[EXERCISE GOAL]: All lines with the word "blast" in the material below are required.

[[ RECORDS open ]]

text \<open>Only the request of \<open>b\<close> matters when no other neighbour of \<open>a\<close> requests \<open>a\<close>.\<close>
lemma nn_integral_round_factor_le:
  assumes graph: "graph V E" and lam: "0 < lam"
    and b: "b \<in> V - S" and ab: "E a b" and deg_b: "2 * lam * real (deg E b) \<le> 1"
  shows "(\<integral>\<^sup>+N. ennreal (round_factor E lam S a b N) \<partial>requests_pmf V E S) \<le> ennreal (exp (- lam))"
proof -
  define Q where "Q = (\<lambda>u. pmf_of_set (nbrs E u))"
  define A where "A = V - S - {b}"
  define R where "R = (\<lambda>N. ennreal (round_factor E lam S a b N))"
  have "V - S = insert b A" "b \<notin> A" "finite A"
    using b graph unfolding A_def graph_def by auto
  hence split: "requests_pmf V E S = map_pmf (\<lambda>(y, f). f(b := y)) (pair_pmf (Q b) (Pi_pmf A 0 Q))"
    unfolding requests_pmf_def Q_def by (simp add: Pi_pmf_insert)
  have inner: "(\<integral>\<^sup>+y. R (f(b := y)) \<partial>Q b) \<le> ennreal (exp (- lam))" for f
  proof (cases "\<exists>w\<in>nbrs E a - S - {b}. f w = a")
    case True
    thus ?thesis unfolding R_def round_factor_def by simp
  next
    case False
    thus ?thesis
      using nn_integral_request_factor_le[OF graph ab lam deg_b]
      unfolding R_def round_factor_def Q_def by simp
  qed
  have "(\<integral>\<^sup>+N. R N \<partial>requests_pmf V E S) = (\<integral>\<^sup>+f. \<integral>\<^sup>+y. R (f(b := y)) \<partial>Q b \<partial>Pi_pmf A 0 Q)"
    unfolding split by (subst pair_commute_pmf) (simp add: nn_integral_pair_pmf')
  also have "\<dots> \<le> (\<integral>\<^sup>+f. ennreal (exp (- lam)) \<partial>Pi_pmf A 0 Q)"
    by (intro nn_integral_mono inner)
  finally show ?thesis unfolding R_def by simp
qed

[[ RECORDS closed ]]
[[ RECORDS open ]]

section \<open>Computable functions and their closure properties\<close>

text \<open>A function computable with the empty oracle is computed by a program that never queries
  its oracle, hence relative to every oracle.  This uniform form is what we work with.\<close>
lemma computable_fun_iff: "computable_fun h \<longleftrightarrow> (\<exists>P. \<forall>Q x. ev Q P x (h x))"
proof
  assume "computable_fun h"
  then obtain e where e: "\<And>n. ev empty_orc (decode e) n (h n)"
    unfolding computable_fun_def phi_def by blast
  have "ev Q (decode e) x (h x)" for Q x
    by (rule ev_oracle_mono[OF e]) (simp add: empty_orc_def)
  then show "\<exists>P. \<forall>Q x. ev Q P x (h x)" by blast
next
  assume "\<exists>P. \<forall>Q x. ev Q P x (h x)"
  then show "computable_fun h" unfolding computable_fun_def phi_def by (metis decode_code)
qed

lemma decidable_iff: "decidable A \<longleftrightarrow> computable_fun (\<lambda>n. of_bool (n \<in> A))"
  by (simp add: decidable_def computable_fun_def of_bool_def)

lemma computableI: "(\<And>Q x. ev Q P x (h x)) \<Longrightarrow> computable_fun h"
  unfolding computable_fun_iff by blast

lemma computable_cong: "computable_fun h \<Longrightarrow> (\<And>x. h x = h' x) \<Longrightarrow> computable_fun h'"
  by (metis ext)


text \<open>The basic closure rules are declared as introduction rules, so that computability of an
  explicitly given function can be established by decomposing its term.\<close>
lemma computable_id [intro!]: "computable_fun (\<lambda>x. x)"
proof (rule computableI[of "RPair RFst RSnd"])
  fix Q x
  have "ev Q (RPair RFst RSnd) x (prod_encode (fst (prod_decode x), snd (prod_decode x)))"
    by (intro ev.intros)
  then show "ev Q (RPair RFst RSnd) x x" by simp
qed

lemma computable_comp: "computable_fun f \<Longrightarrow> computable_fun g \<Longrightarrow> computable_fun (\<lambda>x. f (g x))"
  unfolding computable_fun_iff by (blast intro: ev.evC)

[[ RECORDS closed ]]
[[ RECORDS open ]]

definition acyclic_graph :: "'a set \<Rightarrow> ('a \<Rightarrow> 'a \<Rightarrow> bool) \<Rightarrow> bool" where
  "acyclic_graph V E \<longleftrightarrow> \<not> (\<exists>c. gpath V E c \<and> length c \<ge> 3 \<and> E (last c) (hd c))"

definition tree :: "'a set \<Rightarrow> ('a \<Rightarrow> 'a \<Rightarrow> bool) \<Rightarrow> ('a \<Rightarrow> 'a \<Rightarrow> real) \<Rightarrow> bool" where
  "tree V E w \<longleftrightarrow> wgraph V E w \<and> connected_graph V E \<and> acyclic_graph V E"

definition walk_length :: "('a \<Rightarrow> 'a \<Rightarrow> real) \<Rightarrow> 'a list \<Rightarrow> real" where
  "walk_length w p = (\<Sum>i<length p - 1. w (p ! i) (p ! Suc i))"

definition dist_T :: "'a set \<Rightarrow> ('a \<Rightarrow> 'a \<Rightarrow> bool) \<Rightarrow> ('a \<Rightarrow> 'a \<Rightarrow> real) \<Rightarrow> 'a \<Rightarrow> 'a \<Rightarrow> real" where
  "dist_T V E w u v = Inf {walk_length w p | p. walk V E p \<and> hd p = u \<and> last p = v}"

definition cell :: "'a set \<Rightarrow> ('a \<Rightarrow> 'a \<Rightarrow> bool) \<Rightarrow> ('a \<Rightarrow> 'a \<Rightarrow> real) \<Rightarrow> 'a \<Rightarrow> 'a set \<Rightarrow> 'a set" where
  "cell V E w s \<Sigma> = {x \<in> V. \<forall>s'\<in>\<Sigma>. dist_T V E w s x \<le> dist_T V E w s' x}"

[[ RECORDS closed ]]

[SOLUTION FOR THIS PROBLEM]:
    unfolding computable_fun_def phi_def by blast
  then show "\<exists>P. \<forall>Q x. ev Q P x (h x)" by blast
  unfolding computable_fun_iff by blast
  unfolding computable_fun_iff by (blast intro: ev.evC)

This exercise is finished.